• **Work to complete**
In the listing below, print exactly the lines between the line holding "by (auto simp: act g_def fun_eq_iff)" and the line holding "proof (intro conjI allI impI)", inclusive, and no more.

• **Data for the task**
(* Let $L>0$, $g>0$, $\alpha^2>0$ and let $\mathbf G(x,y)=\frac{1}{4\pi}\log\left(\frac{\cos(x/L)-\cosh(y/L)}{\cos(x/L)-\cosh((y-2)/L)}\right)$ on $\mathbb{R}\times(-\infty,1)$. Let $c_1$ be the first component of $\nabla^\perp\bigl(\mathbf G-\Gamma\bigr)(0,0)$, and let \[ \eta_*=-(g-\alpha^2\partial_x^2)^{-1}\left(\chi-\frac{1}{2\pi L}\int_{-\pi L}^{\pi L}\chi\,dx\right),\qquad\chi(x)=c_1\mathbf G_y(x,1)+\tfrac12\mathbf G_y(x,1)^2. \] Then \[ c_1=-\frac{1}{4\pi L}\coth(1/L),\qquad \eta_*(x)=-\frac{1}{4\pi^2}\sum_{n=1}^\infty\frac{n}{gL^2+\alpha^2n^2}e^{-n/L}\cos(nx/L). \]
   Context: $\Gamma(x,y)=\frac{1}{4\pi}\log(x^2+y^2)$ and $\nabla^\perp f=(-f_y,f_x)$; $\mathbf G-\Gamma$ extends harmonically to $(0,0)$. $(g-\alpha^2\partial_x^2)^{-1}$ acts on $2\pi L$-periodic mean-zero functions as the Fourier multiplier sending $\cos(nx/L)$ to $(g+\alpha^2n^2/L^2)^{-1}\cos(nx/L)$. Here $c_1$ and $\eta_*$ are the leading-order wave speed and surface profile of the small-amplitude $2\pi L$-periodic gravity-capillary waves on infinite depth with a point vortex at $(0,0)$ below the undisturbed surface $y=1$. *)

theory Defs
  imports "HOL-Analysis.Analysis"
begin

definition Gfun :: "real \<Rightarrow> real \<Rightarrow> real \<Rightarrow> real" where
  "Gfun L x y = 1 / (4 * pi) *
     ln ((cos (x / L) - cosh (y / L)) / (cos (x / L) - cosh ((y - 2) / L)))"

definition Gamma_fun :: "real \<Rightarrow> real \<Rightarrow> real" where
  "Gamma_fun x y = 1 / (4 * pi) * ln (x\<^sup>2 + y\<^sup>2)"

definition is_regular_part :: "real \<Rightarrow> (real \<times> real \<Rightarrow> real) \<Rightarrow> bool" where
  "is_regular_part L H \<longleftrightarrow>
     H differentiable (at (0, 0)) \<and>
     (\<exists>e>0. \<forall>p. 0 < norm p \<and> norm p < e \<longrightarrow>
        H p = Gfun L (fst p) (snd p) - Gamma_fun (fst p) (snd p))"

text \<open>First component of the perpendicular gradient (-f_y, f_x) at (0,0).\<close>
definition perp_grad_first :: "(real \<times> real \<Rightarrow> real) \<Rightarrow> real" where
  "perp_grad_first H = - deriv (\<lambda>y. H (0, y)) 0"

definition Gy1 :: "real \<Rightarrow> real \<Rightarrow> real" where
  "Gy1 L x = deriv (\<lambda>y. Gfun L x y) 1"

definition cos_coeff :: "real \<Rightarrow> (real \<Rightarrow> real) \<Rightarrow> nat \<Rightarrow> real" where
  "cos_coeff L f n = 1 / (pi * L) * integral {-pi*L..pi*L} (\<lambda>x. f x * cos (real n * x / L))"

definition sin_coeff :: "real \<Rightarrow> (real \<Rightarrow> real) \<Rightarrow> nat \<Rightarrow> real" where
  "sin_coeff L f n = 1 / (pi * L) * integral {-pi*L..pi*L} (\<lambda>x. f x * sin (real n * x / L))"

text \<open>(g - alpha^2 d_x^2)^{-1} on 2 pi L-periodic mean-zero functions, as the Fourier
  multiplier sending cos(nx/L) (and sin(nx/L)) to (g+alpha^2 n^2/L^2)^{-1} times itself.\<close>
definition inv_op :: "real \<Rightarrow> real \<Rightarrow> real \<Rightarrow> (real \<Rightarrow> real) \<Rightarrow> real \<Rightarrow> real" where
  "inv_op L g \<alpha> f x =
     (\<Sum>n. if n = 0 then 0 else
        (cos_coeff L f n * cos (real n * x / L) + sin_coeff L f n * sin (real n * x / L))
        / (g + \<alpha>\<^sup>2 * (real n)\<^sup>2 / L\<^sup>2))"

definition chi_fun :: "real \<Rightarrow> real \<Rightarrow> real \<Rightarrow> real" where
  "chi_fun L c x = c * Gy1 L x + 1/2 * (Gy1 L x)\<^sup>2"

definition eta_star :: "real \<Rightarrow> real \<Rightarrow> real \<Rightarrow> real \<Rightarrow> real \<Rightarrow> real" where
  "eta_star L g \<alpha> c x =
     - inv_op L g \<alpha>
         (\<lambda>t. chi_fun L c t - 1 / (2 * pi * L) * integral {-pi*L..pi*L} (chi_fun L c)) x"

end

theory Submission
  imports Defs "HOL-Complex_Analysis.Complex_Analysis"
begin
...
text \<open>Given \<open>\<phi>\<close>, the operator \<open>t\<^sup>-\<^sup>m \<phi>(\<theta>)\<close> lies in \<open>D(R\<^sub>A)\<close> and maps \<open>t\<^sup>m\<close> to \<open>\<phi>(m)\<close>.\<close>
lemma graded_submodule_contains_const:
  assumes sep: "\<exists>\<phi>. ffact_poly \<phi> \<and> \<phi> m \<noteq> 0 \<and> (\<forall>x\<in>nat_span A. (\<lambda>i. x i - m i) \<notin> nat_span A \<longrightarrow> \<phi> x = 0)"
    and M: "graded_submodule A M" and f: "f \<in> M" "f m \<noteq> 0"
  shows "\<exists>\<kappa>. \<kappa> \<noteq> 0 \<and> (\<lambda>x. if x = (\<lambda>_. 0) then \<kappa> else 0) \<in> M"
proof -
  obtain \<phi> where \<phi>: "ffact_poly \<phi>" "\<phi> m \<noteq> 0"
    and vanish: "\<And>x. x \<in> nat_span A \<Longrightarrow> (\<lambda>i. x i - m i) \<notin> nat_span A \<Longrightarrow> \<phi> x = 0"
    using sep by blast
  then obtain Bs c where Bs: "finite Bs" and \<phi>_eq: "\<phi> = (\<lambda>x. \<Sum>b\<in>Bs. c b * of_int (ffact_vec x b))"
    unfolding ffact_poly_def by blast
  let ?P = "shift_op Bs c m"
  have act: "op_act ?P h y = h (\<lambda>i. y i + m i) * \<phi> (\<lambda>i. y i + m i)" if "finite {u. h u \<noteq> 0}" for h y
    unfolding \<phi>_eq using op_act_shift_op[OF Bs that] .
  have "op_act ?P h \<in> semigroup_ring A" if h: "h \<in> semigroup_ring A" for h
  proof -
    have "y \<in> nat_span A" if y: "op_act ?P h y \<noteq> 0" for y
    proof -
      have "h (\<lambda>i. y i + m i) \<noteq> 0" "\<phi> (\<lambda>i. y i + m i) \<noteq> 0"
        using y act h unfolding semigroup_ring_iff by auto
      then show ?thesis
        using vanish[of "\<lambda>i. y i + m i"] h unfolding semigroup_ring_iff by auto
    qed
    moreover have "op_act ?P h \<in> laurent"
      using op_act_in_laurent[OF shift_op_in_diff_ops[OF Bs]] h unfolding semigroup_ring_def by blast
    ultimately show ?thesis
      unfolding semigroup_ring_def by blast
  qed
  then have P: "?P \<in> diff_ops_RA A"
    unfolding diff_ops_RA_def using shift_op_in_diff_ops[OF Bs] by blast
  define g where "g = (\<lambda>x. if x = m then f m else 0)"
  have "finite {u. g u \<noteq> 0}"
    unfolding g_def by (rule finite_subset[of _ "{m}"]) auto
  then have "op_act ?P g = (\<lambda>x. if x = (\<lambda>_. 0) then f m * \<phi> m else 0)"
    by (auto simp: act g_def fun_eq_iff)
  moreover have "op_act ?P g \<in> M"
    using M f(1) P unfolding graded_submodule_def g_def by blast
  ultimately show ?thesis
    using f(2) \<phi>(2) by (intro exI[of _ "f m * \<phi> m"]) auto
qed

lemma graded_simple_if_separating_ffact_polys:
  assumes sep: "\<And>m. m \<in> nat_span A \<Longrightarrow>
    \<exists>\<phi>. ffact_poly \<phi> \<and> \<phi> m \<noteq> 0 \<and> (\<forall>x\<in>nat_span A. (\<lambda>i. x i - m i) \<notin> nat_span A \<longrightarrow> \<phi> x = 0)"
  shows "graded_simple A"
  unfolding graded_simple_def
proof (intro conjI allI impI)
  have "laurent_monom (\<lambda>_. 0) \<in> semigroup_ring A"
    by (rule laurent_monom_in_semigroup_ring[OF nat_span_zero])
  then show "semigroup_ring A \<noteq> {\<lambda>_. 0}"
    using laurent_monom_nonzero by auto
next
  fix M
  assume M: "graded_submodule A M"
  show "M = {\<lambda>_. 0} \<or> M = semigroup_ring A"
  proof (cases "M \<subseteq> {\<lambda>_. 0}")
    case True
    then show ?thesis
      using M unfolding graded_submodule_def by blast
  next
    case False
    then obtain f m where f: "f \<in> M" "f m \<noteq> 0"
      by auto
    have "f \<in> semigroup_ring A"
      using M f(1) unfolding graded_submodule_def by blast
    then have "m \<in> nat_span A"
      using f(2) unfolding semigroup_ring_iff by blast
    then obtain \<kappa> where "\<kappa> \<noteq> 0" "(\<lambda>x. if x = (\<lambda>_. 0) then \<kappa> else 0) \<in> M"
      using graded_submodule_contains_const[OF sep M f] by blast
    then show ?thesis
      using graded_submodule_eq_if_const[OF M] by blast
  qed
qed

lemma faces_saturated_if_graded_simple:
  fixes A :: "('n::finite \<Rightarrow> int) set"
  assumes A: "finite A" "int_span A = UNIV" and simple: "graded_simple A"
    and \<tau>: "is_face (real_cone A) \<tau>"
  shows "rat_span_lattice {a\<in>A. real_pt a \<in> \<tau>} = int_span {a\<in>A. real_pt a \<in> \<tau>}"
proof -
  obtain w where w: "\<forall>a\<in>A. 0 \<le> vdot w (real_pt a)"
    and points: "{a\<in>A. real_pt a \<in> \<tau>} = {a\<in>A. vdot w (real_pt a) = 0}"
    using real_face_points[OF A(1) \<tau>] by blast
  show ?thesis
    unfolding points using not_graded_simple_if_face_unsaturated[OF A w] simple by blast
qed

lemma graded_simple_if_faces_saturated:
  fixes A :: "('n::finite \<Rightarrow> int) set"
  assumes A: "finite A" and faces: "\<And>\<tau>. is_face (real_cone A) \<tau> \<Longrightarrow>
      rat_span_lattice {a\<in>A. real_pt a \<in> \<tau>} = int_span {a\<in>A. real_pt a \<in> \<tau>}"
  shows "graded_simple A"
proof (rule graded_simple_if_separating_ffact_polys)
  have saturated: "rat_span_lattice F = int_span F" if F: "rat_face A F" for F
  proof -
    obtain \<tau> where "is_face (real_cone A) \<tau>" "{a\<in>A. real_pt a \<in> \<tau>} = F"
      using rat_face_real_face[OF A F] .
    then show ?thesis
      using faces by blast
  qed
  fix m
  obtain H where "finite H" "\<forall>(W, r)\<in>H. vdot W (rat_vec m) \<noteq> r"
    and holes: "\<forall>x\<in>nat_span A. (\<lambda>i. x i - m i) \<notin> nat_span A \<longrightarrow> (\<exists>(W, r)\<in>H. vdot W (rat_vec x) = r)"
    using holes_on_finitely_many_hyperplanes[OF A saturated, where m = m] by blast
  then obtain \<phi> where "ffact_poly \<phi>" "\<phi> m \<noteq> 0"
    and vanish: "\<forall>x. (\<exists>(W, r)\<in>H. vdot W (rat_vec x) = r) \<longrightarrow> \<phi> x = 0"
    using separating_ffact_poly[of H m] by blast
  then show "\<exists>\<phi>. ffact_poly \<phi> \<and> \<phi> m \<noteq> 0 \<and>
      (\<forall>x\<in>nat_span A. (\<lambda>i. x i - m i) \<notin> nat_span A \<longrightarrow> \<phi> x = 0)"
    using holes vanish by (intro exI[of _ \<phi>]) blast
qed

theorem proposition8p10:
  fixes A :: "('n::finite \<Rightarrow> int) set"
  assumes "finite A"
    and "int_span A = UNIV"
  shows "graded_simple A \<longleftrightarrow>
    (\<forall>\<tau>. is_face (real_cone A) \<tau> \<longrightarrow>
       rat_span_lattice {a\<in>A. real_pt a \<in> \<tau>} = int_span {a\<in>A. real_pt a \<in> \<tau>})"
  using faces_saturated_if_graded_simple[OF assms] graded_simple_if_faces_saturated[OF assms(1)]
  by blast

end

• **Exercise result**
    by (auto simp: act g_def fun_eq_iff)
  moreover have "op_act ?P g \<in> M"
    using M f(1) P unfolding graded_submodule_def g_def by blast
  ultimately show ?thesis
    using f(2) \<phi>(2) by (intro exI[of _ "f m * \<phi> m"]) auto
qed

lemma graded_simple_if_separating_ffact_polys:
  assumes sep: "\<And>m. m \<in> nat_span A \<Longrightarrow>
    \<exists>\<phi>. ffact_poly \<phi> \<and> \<phi> m \<noteq> 0 \<and> (\<forall>x\<in>nat_span A. (\<lambda>i. x i - m i) \<notin> nat_span A \<longrightarrow> \<phi> x = 0)"
  shows "graded_simple A"
  unfolding graded_simple_def
proof (intro conjI allI impI)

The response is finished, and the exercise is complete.